Prompt
In how many lines of these records does the word "real" appear? Give the number by itself.

Data to use
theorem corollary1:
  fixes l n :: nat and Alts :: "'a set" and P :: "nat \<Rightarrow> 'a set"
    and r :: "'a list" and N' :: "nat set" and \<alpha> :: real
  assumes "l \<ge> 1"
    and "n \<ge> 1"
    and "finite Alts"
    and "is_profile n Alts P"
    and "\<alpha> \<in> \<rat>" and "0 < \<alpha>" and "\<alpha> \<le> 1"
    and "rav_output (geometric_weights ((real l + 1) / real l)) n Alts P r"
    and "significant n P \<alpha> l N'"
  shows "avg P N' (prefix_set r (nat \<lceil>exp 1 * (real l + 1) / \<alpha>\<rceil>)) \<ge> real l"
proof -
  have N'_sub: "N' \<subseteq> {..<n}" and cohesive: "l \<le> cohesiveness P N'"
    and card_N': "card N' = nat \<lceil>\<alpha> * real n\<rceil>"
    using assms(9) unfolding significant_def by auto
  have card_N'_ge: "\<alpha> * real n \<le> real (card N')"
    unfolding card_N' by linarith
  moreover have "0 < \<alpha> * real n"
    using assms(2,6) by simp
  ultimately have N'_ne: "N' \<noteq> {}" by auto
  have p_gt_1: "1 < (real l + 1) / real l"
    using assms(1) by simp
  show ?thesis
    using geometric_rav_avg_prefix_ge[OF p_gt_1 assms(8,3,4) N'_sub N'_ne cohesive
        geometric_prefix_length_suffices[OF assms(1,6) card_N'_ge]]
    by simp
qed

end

Answer for this exercise
7